__WORK TO COMPLETE__: Search the data below for the word "rule" and copy each line that holds it.

^^^^

(* Let $G$ be a finite metacyclic group of even order. Then $G$ has a cyclic normal subgroup $N$ such that $G/N$ is cyclic of even order. If moreover $G$ is split metacyclic, then $G\cong C_m\rtimes C_n$ for some $m,n$ with $n$ even.
   Context: A finite group $G$ is metacyclic if it has a cyclic normal subgroup $N$ with $G/N$ cyclic. $G$ is split metacyclic if $G\cong C_m\rtimes C_n$ for some $m,n$, where $C_k$ is the cyclic group of order $k$. *)

theory Defs
  imports "HOL-Algebra.Algebra"
begin

definition semidirect_product ::
  "('a, 'c) monoid_scheme \<Rightarrow> ('b, 'd) monoid_scheme \<Rightarrow> ('b \<Rightarrow> 'a \<Rightarrow> 'a) \<Rightarrow> ('a \<times> 'b) monoid"
  where "semidirect_product N H phi =
    \<lparr>carrier = carrier N \<times> carrier H,
     monoid.mult = (\<lambda>(a, b) (c, d). (a \<otimes>\<^bsub>N\<^esub> phi b c, b \<otimes>\<^bsub>H\<^esub> d)),
     one = (\<one>\<^bsub>N\<^esub>, \<one>\<^bsub>H\<^esub>)\<rparr>"

definition metacyclic :: "('g, 'e) monoid_scheme \<Rightarrow> bool"
  where "metacyclic G \<longleftrightarrow>
    (\<exists>N. N \<lhd> G \<and> cyclic_group (G\<lparr>carrier := N\<rparr>) \<and> cyclic_group (G Mod N))"

text \<open>C_k is the cyclic group of order k, i.e. integers mod k (k > 0).
  A semidirect product C_m \<rtimes> C_n is given by a homomorphism C_n \<rightarrow> Aut(C_m).\<close>
definition is_split_metacyclic_with :: "('g, 'e) monoid_scheme \<Rightarrow> nat \<Rightarrow> nat \<Rightarrow> bool"
  where "is_split_metacyclic_with G m n \<longleftrightarrow> 0 < m \<and> 0 < n \<and>
    (\<exists>phi. phi \<in> hom (integer_mod_group n) (AutoGroup (integer_mod_group m)) \<and>
       G \<cong> semidirect_product (integer_mod_group m) (integer_mod_group n) phi)"

definition split_metacyclic :: "('g, 'e) monoid_scheme \<Rightarrow> bool"
  where "split_metacyclic G \<longleftrightarrow> (\<exists>m n. is_split_metacyclic_with G m n)"

end

theory Submission
  imports Defs "HOL-Number_Theory.Cong"
begin

text \<open>
  Let \<open>N = \<langle>a\<rangle>\<close> be cyclic normal with \<open>G/N\<close> cyclic of odd order \<open>n\<close>. Then \<open>|N|\<close> is even,
  and \<open>M = \<langle>a\<^sup>2\<rangle>\<close>, being a subgroup of a cyclic normal subgroup, is normal of index 2 in \<open>N\<close>.
  In \<open>G/M\<close> the coset \<open>aM\<close> is a central involution; together with \<open>gM\<close>, where \<open>gN\<close> generates
  \<open>G/N\<close>, it generates \<open>G/M\<close>, and \<open>(gM)\<^sup>n \<in> {M, aM}\<close>. Since \<open>n\<close> is odd, either \<open>gM\<close> or
  \<open>agM\<close> generates \<open>G/M\<close>, which is thus cyclic of order \<open>2n\<close>.

  For \<open>G \<cong> C\<^sub>m \<rtimes> C\<^sub>n\<close> with \<open>n\<close> odd, the generator of \<open>C\<^sub>n\<close> acts by multiplication with
  some \<open>u\<close> where \<open>u\<^sup>n \<equiv> 1 (mod m)\<close>. Writing \<open>m = 2\<^sup>k m'\<close> with \<open>m'\<close> odd, this forces
  \<open>u \<equiv> 1 (mod 2\<^sup>k)\<close>: the action is trivial on the 2-part of \<open>C\<^sub>m\<close>, which can therefore be
  moved into the complement, \<open>G \<cong> C\<^bsub>m'\<^esub> \<rtimes> (C\<^bsub>2\<^sup>k\<^esub> \<times> C\<^sub>n) \<cong> C\<^bsub>m'\<^esub> \<rtimes> C\<^bsub>2\<^sup>k n\<^esub>\<close>.
\<close>

section \<open>Cyclic quotients by the squares of a cyclic normal subgroup\<close>

lemma (in group) pow_odd_involution:
  assumes x: "x \<in> carrier G" and xx: "x \<otimes> x = \<one>" and n: "odd n"
  shows "x [^] (n::nat) = x"
proof -
  obtain r where "n = Suc (2 * r)" using n by (metis oddE Suc_eq_plus1)
  moreover have "x [^] (2::nat) = \<one>" using x xx by (simp add: numeral_2_eq_2)
  then have "x [^] (2 * r) = \<one>" using x by (simp add: nat_pow_pow[symmetric])
  ultimately show ?thesis using x by (simp add: nat_pow_Suc2)
qed

lemma (in group) cyclic_groupI_involution_odd_power:
  assumes A: "A \<in> carrier G" and Y: "Y \<in> carrier G" and AA: "A \<otimes> A = \<one>"
    and comm: "A \<otimes> Y = Y \<otimes> A" and n: "odd n" and Yn: "Y [^] (n::nat) \<in> {\<one>, A}"
    and gen: "\<And>y. y \<in> carrier G \<Longrightarrow> \<exists>(i::int) (j::int). y = A [^] i \<otimes> Y [^] j"
  shows "cyclic_group G"
proof -
  obtain Z p q where Z: "Z \<in> carrier G" and ZA: "Z [^] (p::int) = A" and ZY: "Z [^] (q::int) = Y"
  proof (cases "Y [^] n = A")
    case True
    then show ?thesis using that[of Y "int n" 1] Y by (simp add: int_pow_int)
  next
    case False
    then have "Y [^] n = \<one>" using Yn by blast
    have "(A \<otimes> Y) [^] n = A [^] n \<otimes> Y [^] n" by (rule pow_mult_distrib[OF comm A Y])
    also have "\<dots> = A" using \<open>Y [^] n = \<one>\<close> pow_odd_involution[OF A AA n] A by simp
    finally have AYn: "(A \<otimes> Y) [^] n = A" .
    have "(A \<otimes> Y) [^] (int n + 1) = (A \<otimes> Y) [^] n \<otimes> (A \<otimes> Y)"
      using A Y by (simp add: int_pow_mult int_pow_int)
    also have "\<dots> = Y" using AYn A Y AA by (simp add: m_assoc[symmetric])
    finally have "(A \<otimes> Y) [^] (int n + 1) = Y" .
    moreover have "(A \<otimes> Y) [^] int n = A" using AYn by (simp add: int_pow_int)
    ultimately show ?thesis using that A Y by (meson m_closed)
  qed
  have "carrier G \<subseteq> range (\<lambda>k::int. Z [^] k)"
  proof
    fix y assume "y \<in> carrier G"
    from gen[OF this] obtain i j :: int where "y = A [^] i \<otimes> Y [^] j" by blast
    also have "\<dots> = (Z [^] p) [^] i \<otimes> (Z [^] q) [^] j" using ZA ZY by simp
    also have "\<dots> = Z [^] (p * i + q * j)" using Z by (simp add: int_pow_pow int_pow_mult)
    finally have "y = Z [^] (p * i + q * j)" .
    then show "y \<in> range (\<lambda>k::int. Z [^] k)" by (rule image_eqI) simp
  qed
  moreover have "range (\<lambda>k::int. Z [^] k) \<subseteq> carrier G" using Z by auto
  ultimately have "carrier G = range (\<lambda>k::int. Z [^] k)" by (rule antisym)
  with Z show ?thesis unfolding cyclic_group by blast
qed

lemma (in group) conj_int_pow:
  assumes g: "g \<in> carrier G" and x: "x \<in> carrier G"
  shows "g \<otimes> x [^] (k::int) \<otimes> inv g = (g \<otimes> x \<otimes> inv g) [^] k"
proof -
  have "(\<lambda>x. g \<otimes> x \<otimes> inv g) \<in> hom G G"
  proof (intro homI)
    fix x y assume "x \<in> carrier G" "y \<in> carrier G"
    moreover have "inv g \<otimes> (g \<otimes> z) = z" if "z \<in> carrier G" for z
      using g that by (simp add: m_assoc[symmetric])
    ultimately show "g \<otimes> (x \<otimes> y) \<otimes> inv g = g \<otimes> x \<otimes> inv g \<otimes> (g \<otimes> y \<otimes> inv g)"
      using g by (simp add: m_assoc)
  qed (use g in simp)
  from hom_int_pow[OF this x is_group is_group] show ?thesis by simp
qed

lemma (in group) cyclic_subgroup_eq_generate:
  assumes "subgroup N G" and "cyclic_group (G\<lparr>carrier := N\<rparr>)"
  shows "\<exists>a \<in> carrier G. N = generate G {a}"
proof -
  interpret N: group "G\<lparr>carrier := N\<rparr>" using assms(1) subgroup.subgroup_is_group is_group by blast
  obtain a where a: "a \<in> N" and "N = range (\<lambda>k::int. a [^]\<^bsub>G\<lparr>carrier := N\<rparr>\<^esub> k)"
    using assms(2) N.cyclic_group by auto
  then have "N = generate G {a}"
    using int_pow_consistent[OF assms(1) a] generate_pow[of a] subgroup.mem_carrier[OF assms(1) a]
    by auto
  then show ?thesis using subgroup.mem_carrier[OF assms(1) a] by blast
qed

^^^^

__EXERCISE RESPONSE__:
    have "(A \<otimes> Y) [^] n = A [^] n \<otimes> Y [^] n" by (rule pow_mult_distrib[OF comm A Y])
    then show "y \<in> range (\<lambda>k::int. Z [^] k)" by (rule image_eqI) simp
  ultimately have "carrier G = range (\<lambda>k::int. Z [^] k)" by (rule antisym)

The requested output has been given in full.